- [SOURCE DATA]
lemma dbeta_superset:
  assumes "finite S" "dsupp D \<subseteq> S"
  shows "dbeta D h = (if is_translation h then (\<Sum>g\<in>{g\<in>S. g 0 = h 0}. D g) else 0)"
proof (cases "is_translation h")
  case True
  have "(\<Sum>g\<in>{g\<in>dsupp D. g 0 = h 0}. D g) = (\<Sum>g\<in>{g\<in>S. g 0 = h 0}. D g)"
    by (rule sum.mono_neutral_left) (use assms in \<open>auto simp: dsupp_iff\<close>)
  then show ?thesis using True by (simp only: dbeta_alt if_True)
next
  case False
  then show ?thesis by (simp only: dbeta_alt if_False)
qed

lemma dsupp_dbeta_is_translation: "h \<in> dsupp (dbeta D) \<Longrightarrow> is_translation h"
proof (rule ccontr)
  assume h: "h \<in> dsupp (dbeta D)" and n: "\<not> is_translation h"
  have "dbeta D h = 0" using n by (simp only: dbeta_alt if_False)
  then show False using h by (simp add: dsupp_iff)
qed

lemma dsupp_dbeta: "dsupp (dbeta D) \<subseteq> (\<lambda>g x. x + g 0) ` dsupp D"
proof
  fix h assume h: "h \<in> dsupp (dbeta D)"
  then have nz: "dbeta D h \<noteq> 0" by (simp add: dsupp_iff)
  have tr: "is_translation h" by (rule dsupp_dbeta_is_translation[OF h])
  have "{g\<in>dsupp D. g 0 = h 0} \<noteq> {}"
  proof
    assume e: "{g\<in>dsupp D. g 0 = h 0} = {}"
    have "dbeta D h = 0" unfolding dbeta_alt e by simp
    with nz show False by simp
  qed
  then obtain g where g: "g \<in> dsupp D" "g 0 = h 0" by blast
  have "h = (\<lambda>x. x + g 0)" using is_translation_eq[OF tr] g(2) by simp
  then show "h \<in> (\<lambda>g x. x + g 0) ` dsupp D" using g(1) by (rule image_eqI)
qed

lemma wf_dop_dbeta: "wf_dop D \<Longrightarrow> wf_dop (dbeta (D::'v::euclidean_space dop))"
  unfolding wf_dop_def
proof (intro conjI ballI allI; elim conjE)
  assume f: "finite (dsupp D)" and vals: "\<forall>g. D g \<in> QL (UNIV::'v set)"
  show "finite (dsupp (dbeta D))" by (rule finite_subset[OF dsupp_dbeta]) (simp add: f)
  show "aff_isometry g" if "g \<in> dsupp (dbeta D)" for g
    using is_translation_eq[OF dsupp_dbeta_is_translation[OF that]] aff_isometry_translation by metis
  show "dbeta D h \<in> QL (UNIV::'v set)" for h
    unfolding dbeta_alt using vals by (auto intro!: QL_sum QL_zero)
qed

lemma dbeta_dterm_translation:
  assumes t: "is_translation t"
  shows "dbeta (dterm f t) = dterm f t"
proof
  fix h
  have s: "dsupp (dterm f t) = (if f = 0 then {} else {t})" by (auto simp: dsupp_def dterm_def)
  show "dbeta (dterm f t) h = dterm f t h"
  proof (cases "is_translation h")
    case True
    have "dbeta (dterm f t) h = (\<Sum>g\<in>{g \<in> dsupp (dterm f t). g 0 = h 0}. dterm f t g)"
      using True by (simp only: dbeta_alt if_True)
    also have "\<dots> = (if t 0 = h 0 then f else 0)"
    proof (cases "f = 0")
      case False
      then have "{g \<in> dsupp (dterm f t). g 0 = h 0} = (if t 0 = h 0 then {t} else {})"
        by (auto simp: s)
      then show ?thesis by (simp add: dterm_def)
    qed (simp add: dterm_def dsupp_def)
    finally show ?thesis using is_translation_eq_iff[OF True t] by (simp add: dterm_def)
  next
    case False
    then have "h \<noteq> t" using t by blast
    then show ?thesis using False by (simp add: dbeta_alt dterm_def)
  qed
qed

lemma dbeta_dunit: "dbeta (dunit :: 'v::euclidean_space dop) = dunit"
  unfolding dunit_def by (rule dbeta_dterm_translation) (simp add: is_translation_def)

lemma dbeta_dadd:
  assumes "finite (dsupp D)" and "finite (dsupp E)"
  shows "dbeta (dadd D E) = dadd (dbeta D) (dbeta E)"
proof
  fix h
  have fS: "finite (dsupp D \<union> dsupp E)" using assms by simp
  show "dbeta (dadd D E) h = dadd (dbeta D) (dbeta E) h"
    unfolding dadd_def[of "dbeta D"] dbeta_superset[OF fS dsupp_dadd]
      dbeta_superset[OF fS Un_upper1] dbeta_superset[OF fS Un_upper2]
    by (simp add: dadd_def sum.distrib)
qed

lemma dbeta_dscal:
  assumes "finite (dsupp D)"
  shows "dbeta (dscal c D) = dscal c (dbeta D)"
proof
  fix h
  show "dbeta (dscal c D) h = dscal c (dbeta D) h"
    unfolding dscal_def[of c "dbeta D"] dbeta_superset[OF assms dsupp_dscal]
      dbeta_superset[OF assms order_refl]
    by (simp add: dscal_def sum_distrib_left)
qed

lemma dbeta_DRL:
  assumes rs: "root_system R" and D: "D \<in> DRW cs R"
  shows "dbeta D \<in> DRL cs R"
proof -
  have "h \<in> Wgrp cs R" if h: "h \<in> dsupp (dbeta D)" for h
  proof -
    obtain g where g: "g \<in> dsupp D" "h = (\<lambda>x. x + g 0)" using dsupp_dbeta h by blast
    have "g \<in> Wgrp cs R" using D g(1) unfolding DRW_def by blast
    then obtain v l where vl: "v \<in> weyl_group R" "l \<in> latL' cs R" "g = (\<lambda>x. v (x + l))"
      by (rule WgrpE)
    have "v l \<in> latL' cs R" by (rule latL'_W0_closed[OF rs vl(1,2)])
    moreover have "h = (\<lambda>x. id (x + v l))" using g(2) vl(3) by simp
    ultimately show "h \<in> Wgrp cs R" unfolding Wgrp_def affine_weyl_def using W0_id by blast
  qed
  moreover have "dbeta D h \<in> Ralg (gradroots cs R)" for h
    using D Ralg.const[of 0 "gradroots cs R"] unfolding DRW_def dbeta_alt by (auto intro!: Ralg_sum)
  moreover have "finite (dsupp (dbeta D))"
    using wf_dopD(1)[OF wf_dop_dbeta[OF DRW_wf_dop[OF D]]] .
  ultimately show ?thesis
    using dsupp_dbeta_is_translation unfolding DRL_def DRW_def is_translation_def by blast
qed

lemma dsupp_conj:
  "dsupp (dmult q (dmult q (dterm 1 w) D) (dterm 1 v)) \<subseteq> (\<lambda>t. w \<circ> t \<circ> v) ` dsupp D"
  using dsupp_dmult[of q "dmult q (dterm 1 w) D" "dterm 1 v"] dsupp_dmult[of q "dterm 1 w" D]
  by (force simp: dsupp_dterm)

lemma is_translation_conj_W0:
  assumes w: "w \<in> weyl_group R" and t: "is_translation t"
  shows "is_translation (w \<circ> t \<circ> inv w)"
proof -
  have tx: "t y = y + t 0" for y using t unfolding is_translation_def by blast
  have "w (t (inv w x)) = x + w (t 0)" for x
    by (subst tx) (simp add: W0_add[OF w] W0_inv_r[OF w])
  then show ?thesis unfolding is_translation_def by simp
qed

lemma dsupp_dmult_translations:
  assumes "\<forall>h\<in>dsupp D. is_translation h" and "\<forall>h\<in>dsupp E. is_translation h"
  shows "\<forall>h\<in>dsupp (dmult q D E). is_translation h"
  using assms dsupp_dmult[of q D E] is_translation_comp by fastforce

definition W0_invariant :: "real \<Rightarrow> 'v::euclidean_space set \<Rightarrow> qfield \<Rightarrow> bool" where
  "W0_invariant q R f \<longleftrightarrow> f \<in> QL (UNIV::'v set) \<and> (\<forall>w\<in>weyl_group R. actQ q w f = f)"

lemma translation_comp_linear_part: assumes h: "\<forall>x. g x = v x + g 0" shows "g = (\<lambda>x. x + g 0) \<circ> v"
proof (rule ext)
  fix x show "g x = ((\<lambda>x. x + g 0) \<circ> v) x" using spec[OF h, of x] by (simp only: o_apply)
qed

lemma dapply_dbeta_W0_invariant:
  fixes D :: "'v::euclidean_space dop"
  assumes q: "0 < q" and D: "wf_dop D" and ts: "linear_parts_in_W0 R D" and f: "W0_invariant q R f"
  shows "dapply q D f = dapply q (dbeta D) f"
proof -
  have fQ: "f \<in> QL (UNIV::'v set)" using f unfolding W0_invariant_def by blast
  let ?t = "\<lambda>g::'v\<Rightarrow>'v. (\<lambda>x. x + g 0)"
  let ?T = "?t ` dsupp D"
  have fT: "finite ?T" using wf_dopD(1)[OF D] by simp
  have "dapply q D f = (\<Sum>g\<in>dsupp D. D g * actQ q (?t g) f)"
    unfolding dapply_def
  proof (rule sum.cong[OF refl])
    fix g assume g: "g \<in> dsupp D"
    then obtain v where v: "v \<in> weyl_group R" "\<forall>x. g x = v x + g 0" using ts unfolding linear_parts_in_W0_def by blast
    have "actQ q g f = actQ q (?t g \<circ> v) f"
      by (rule arg_cong[where f="\<lambda>h. actQ q h f", OF translation_comp_linear_part[OF v(2)]])
    also have "\<dots> = actQ q (?t g) (actQ q v f)"
      by (rule actQ_comp[OF q aff_isometry_translation W0_aff_isometry[OF v(1)] fQ])
    also have "actQ q v f = f" using f v(1) unfolding W0_invariant_def by blast
    finally show "D g * actQ q g f = D g * actQ q (?t g) f" by simp
  qed
  also have "\<dots> = (\<Sum>h\<in>?T. \<Sum>g\<in>{g\<in>dsupp D. ?t g = h}. D g * actQ q (?t g) f)"
    by (rule sum.image_gen[OF wf_dopD(1)[OF D]])
  also have "\<dots> = (\<Sum>h\<in>?T. dbeta D h * actQ q h f)"
  proof (rule sum.cong[OF refl])
    fix h assume h: "h \<in> ?T"
    then obtain g0 where g0: "g0 \<in> dsupp D" "h = ?t g0" by blast
    have tr: "is_translation h" unfolding is_translation_def g0(2) by simp
    have e: "{g\<in>dsupp D. ?t g = h} = {g\<in>dsupp D. g 0 = h 0}"
    proof -
      have "?t g = h \<longleftrightarrow> g 0 = h 0" for g
      proof
        assume "?t g = h" then show "g 0 = h 0" by (metis add_0)
      next
        assume "g 0 = h 0" then show "?t g = h" using is_translation_eq[OF tr] by simp
      qed
      then show ?thesis by blast
    qed
    have "(\<Sum>g\<in>{g\<in>dsupp D. ?t g = h}. D g * actQ q (?t g) f) = (\<Sum>g\<in>{g\<in>dsupp D. ?t g = h}. D g * actQ q h f)"
      by (rule sum.cong) auto
    also have "\<dots> = (\<Sum>g\<in>{g\<in>dsupp D. g 0 = h 0}. D g) * actQ q h f"
      unfolding e by (simp add: sum_distrib_right)
    also have "\<dots> = dbeta D h * actQ q h f" using tr by (simp only: dbeta_alt if_True)
    finally show "(\<Sum>g\<in>{g\<in>dsupp D. ?t g = h}. D g * actQ q (?t g) f) = dbeta D h * actQ q h f" .
  qed
  also have "\<dots> = dapply q (dbeta D) f"
    by (rule dapply_superset[OF fT dsupp_dbeta, symmetric])
  finally show ?thesis .
qed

- [EXERCISE GOAL]
When a line in the data holds the word "gradroots", show that line.

- [ANSWER TO THIS EXERCISE]
  moreover have "dbeta D h \<in> Ralg (gradroots cs R)" for h
    using D Ralg.const[of 0 "gradroots cs R"] unfolding DRW_def dbeta_alt by (auto intro!: Ralg_sum)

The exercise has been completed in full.